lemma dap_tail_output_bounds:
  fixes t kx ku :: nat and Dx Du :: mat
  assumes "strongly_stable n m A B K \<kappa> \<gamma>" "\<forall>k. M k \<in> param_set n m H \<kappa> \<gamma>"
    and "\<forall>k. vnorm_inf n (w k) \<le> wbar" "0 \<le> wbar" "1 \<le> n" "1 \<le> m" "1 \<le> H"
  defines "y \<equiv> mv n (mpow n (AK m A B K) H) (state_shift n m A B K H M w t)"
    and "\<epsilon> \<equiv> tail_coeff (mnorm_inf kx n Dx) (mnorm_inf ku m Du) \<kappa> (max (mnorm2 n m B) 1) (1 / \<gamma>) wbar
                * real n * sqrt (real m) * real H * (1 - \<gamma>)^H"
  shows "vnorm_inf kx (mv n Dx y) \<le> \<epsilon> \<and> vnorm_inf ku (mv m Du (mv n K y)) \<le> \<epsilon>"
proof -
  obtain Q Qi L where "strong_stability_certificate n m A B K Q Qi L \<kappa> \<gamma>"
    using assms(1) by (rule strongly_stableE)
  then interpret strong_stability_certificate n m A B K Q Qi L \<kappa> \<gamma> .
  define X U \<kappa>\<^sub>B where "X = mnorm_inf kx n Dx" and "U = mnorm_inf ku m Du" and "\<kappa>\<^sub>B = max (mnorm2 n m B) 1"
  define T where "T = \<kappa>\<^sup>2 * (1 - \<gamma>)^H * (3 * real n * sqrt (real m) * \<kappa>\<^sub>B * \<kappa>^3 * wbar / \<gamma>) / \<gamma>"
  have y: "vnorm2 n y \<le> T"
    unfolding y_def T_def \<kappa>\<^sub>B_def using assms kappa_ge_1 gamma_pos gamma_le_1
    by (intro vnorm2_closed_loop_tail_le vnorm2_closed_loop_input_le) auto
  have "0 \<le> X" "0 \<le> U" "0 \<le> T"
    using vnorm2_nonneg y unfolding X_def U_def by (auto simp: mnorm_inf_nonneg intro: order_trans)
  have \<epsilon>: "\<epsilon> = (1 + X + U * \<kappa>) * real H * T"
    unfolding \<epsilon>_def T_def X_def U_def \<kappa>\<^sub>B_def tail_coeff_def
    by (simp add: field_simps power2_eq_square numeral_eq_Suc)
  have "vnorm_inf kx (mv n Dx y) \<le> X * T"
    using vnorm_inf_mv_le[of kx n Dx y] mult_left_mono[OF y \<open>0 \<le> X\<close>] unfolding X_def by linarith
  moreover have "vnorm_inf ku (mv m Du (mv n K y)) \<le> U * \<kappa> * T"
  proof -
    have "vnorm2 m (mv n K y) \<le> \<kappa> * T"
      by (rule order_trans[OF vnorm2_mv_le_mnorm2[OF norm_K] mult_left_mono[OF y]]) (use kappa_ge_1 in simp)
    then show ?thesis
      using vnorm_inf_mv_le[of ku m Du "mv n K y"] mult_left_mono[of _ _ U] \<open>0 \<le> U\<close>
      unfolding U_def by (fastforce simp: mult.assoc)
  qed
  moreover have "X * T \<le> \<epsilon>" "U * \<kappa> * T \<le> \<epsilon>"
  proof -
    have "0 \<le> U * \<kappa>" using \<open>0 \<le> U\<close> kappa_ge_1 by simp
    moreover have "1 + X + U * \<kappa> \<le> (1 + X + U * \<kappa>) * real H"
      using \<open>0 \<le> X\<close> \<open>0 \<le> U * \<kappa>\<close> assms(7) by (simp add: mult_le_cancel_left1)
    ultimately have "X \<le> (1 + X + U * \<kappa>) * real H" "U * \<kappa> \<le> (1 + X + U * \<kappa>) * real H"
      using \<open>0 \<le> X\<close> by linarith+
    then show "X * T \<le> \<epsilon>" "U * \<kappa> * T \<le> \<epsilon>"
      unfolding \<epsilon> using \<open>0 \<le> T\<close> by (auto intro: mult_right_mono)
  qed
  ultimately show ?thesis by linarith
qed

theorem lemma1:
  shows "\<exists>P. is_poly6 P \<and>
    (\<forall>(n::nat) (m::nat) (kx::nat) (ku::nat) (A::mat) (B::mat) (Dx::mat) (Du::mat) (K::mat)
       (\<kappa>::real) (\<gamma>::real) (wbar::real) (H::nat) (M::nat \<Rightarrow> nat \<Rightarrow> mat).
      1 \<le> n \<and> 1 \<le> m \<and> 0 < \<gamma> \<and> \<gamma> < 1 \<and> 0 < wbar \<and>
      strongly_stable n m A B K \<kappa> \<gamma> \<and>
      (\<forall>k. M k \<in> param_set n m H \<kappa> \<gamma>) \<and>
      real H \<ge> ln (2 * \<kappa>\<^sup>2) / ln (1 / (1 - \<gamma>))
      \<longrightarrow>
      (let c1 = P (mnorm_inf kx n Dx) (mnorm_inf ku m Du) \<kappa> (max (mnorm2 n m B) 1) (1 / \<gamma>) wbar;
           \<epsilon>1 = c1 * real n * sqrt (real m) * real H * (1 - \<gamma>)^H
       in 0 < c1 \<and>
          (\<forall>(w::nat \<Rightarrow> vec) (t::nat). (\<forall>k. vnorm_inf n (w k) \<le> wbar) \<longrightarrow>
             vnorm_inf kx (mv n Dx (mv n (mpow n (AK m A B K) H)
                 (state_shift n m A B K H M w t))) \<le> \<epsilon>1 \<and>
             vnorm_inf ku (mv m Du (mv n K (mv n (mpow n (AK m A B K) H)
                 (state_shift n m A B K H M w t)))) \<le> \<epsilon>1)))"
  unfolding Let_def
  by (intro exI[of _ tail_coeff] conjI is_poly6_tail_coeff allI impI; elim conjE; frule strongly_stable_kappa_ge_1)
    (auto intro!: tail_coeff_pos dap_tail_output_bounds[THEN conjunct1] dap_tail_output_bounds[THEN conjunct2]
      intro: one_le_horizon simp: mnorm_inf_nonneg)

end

^^^^^^^^

## EXERCISE DIRECTIONS
Output only the lines from the one that contains "(state_shift n m A B K H M w t))))" through the last line of the data above, each restated exactly.

## RESPONSE BELOW
                 (state_shift n m A B K H M w t)))) \<le> \<epsilon>1)))"
  unfolding Let_def
  by (intro exI[of _ tail_coeff] conjI is_poly6_tail_coeff allI impI; elim conjE; frule strongly_stable_kappa_ge_1)
    (auto intro!: tail_coeff_pos dap_tail_output_bounds[THEN conjunct1] dap_tail_output_bounds[THEN conjunct2]
      intro: one_le_horizon simp: mnorm_inf_nonneg)

end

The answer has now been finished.